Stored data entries

- - - - - - -

theorem peeling_tail_bound:
  assumes "0 < \<beta>" and "0 < \<kappa>" and "0 < \<delta>" and "\<delta> < 1"
  shows "measure P {\<omega> \<in> space P. Z \<omega> \<ge> C * ((1 + \<beta>) * M \<omega> + \<kappa>) *
           sqrt (ln (2 / \<delta>) + 2 * lil (\<beta> * M \<omega> / \<kappa>) + D + ln (1 + exp 1 / \<beta>))} \<le> \<delta>"
proof (cases "C = 0")
  case True
  then show ?thesis
    using measure_tail_event[of 1 \<delta>] assms(3,4) unfolding tail_event_def by simp
next
  case False
  then have "0 < C" and "0 \<le> D"
    using coeff_nonneg offset_nonneg by auto
  define w where "w k = 2 * \<delta> / ((real k + 2) * (real k + 3))" for k :: nat
  show ?thesis
  proof (rule measure_le_of_countable_cover)
    show "range (\<lambda>k. tail_event (\<kappa> * exp (real k)) (w k)) \<subseteq> sets P"
      by auto
    show "measure P (tail_event (\<kappa> * exp (real k)) (w k)) \<le> w k" for k
      using assms(2,3) peeling_weight_less_one[OF assms(4)] unfolding w_def
      by (intro measure_tail_event) auto
    show "w sums \<delta>"
      unfolding w_def by (rule peeling_weights_sums)
    show "{\<omega> \<in> space P. Z \<omega> \<ge> C * ((1 + \<beta>) * M \<omega> + \<kappa>) *
        sqrt (ln (2 / \<delta>) + 2 * lil (\<beta> * M \<omega> / \<kappa>) + D + ln (1 + exp 1 / \<beta>))}
      \<subseteq> (\<Union>k. tail_event (\<kappa> * exp (real k)) (w k))"
    proof safe
      fix \<omega> assume \<omega>: "\<omega> \<in> space P" and Z_ge: "Z \<omega> \<ge> C * ((1 + \<beta>) * M \<omega> + \<kappa>) *
          sqrt (ln (2 / \<delta>) + 2 * lil (\<beta> * M \<omega> / \<kappa>) + D + ln (1 + exp 1 / \<beta>))"
      define r where "r = \<beta> * M \<omega> / \<kappa>"
      have "0 \<le> r"
        unfolding r_def using M_nonneg[OF \<omega>] assms(1,2) by simp
      have "\<omega> \<in> tail_event (\<kappa> * exp (real (nat \<lceil>ln r - 1\<rceil>))) (w (nat \<lceil>ln r - 1\<rceil>))"
        using \<omega> order_trans[OF peeled_threshold_le Z_ge] \<open>0 < C\<close> \<open>0 \<le> D\<close> assms M_nonneg[OF \<omega>]
          exp_peel_index_le[OF \<open>0 \<le> r\<close>] le_exp_peel_index[OF \<open>0 \<le> r\<close>] peel_index_le_exp_lil[OF \<open>0 \<le> r\<close>]
        unfolding tail_event_def w_def r_def by simp
      then show "\<omega> \<in> (\<Union>k. tail_event (\<kappa> * exp (real k)) (w k))"
        by blast
    qed
  qed
qed

end

theorem lemma9:
  fixes P :: "'a measure" and Z M :: "'a \<Rightarrow> real" and C D :: real
  assumes "prob_space P"
    and "Z \<in> borel_measurable P" and "M \<in> borel_measurable P"
    and "\<And>\<omega>. \<omega> \<in> space P \<Longrightarrow> M \<omega> \<ge> 0"
    and hyp: "\<And>\<kappa> \<delta>. \<kappa> > 0 \<Longrightarrow> 0 < \<delta> \<Longrightarrow> \<delta> < 1 \<Longrightarrow>
      measure P {\<omega> \<in> space P. Z \<omega> \<ge> C * (\<kappa> + M \<omega>) *
         sqrt (ln (1 / \<delta>) + D + ln (1 + M \<omega> / \<kappa>))} \<le> \<delta>"
    and "\<beta> > 0" and "\<kappa> > 0" and "0 < \<delta>" and "\<delta> < 1"
  shows "measure P {\<omega> \<in> space P. Z \<omega> \<ge> C * ((1 + \<beta>) * M \<omega> + \<kappa>) *
         sqrt (ln (2 / \<delta>) + 2 * lil (\<beta> * M \<omega> / \<kappa>) + D + ln (1 + exp 1 / \<beta>))} \<le> \<delta>"
proof -
  interpret tail_bound P Z M C D
    using assms(1-5) by (simp add: tail_bound_def tail_bound_axioms_def)
  show ?thesis
    using assms(6-9) by (rule peeling_tail_bound)
qed

end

- - - - - - -

▸ **Your assignment**:
What you return should be the lines from the beginning of the records through the one that contains "using \<omega> order_trans[OF", repeated exactly and with no additions.

▸ **Output**:
theorem peeling_tail_bound:
  assumes "0 < \<beta>" and "0 < \<kappa>" and "0 < \<delta>" and "\<delta> < 1"
  shows "measure P {\<omega> \<in> space P. Z \<omega> \<ge> C * ((1 + \<beta>) * M \<omega> + \<kappa>) *
           sqrt (ln (2 / \<delta>) + 2 * lil (\<beta> * M \<omega> / \<kappa>) + D + ln (1 + exp 1 / \<beta>))} \<le> \<delta>"
proof (cases "C = 0")
  case True
  then show ?thesis
    using measure_tail_event[of 1 \<delta>] assms(3,4) unfolding tail_event_def by simp
next
  case False
  then have "0 < C" and "0 \<le> D"
    using coeff_nonneg offset_nonneg by auto
  define w where "w k = 2 * \<delta> / ((real k + 2) * (real k + 3))" for k :: nat
  show ?thesis
  proof (rule measure_le_of_countable_cover)
    show "range (\<lambda>k. tail_event (\<kappa> * exp (real k)) (w k)) \<subseteq> sets P"
      by auto
    show "measure P (tail_event (\<kappa> * exp (real k)) (w k)) \<le> w k" for k
      using assms(2,3) peeling_weight_less_one[OF assms(4)] unfolding w_def
      by (intro measure_tail_event) auto
    show "w sums \<delta>"
      unfolding w_def by (rule peeling_weights_sums)
    show "{\<omega> \<in> space P. Z \<omega> \<ge> C * ((1 + \<beta>) * M \<omega> + \<kappa>) *
        sqrt (ln (2 / \<delta>) + 2 * lil (\<beta> * M \<omega> / \<kappa>) + D + ln (1 + exp 1 / \<beta>))}
      \<subseteq> (\<Union>k. tail_event (\<kappa> * exp (real k)) (w k))"
    proof safe
      fix \<omega> assume \<omega>: "\<omega> \<in> space P" and Z_ge: "Z \<omega> \<ge> C * ((1 + \<beta>) * M \<omega> + \<kappa>) *
          sqrt (ln (2 / \<delta>) + 2 * lil (\<beta> * M \<omega> / \<kappa>) + D + ln (1 + exp 1 / \<beta>))"
      define r where "r = \<beta> * M \<omega> / \<kappa>"
      have "0 \<le> r"
        unfolding r_def using M_nonneg[OF \<omega>] assms(1,2) by simp
      have "\<omega> \<in> tail_event (\<kappa> * exp (real (nat \<lceil>ln r - 1\<rceil>))) (w (nat \<lceil>ln r - 1\<rceil>))"
        using \<omega> order_trans[OF peeled_threshold_le Z_ge] \<open>0 < C\<close> \<open>0 \<le> D\<close> assms M_nonneg[OF \<omega>]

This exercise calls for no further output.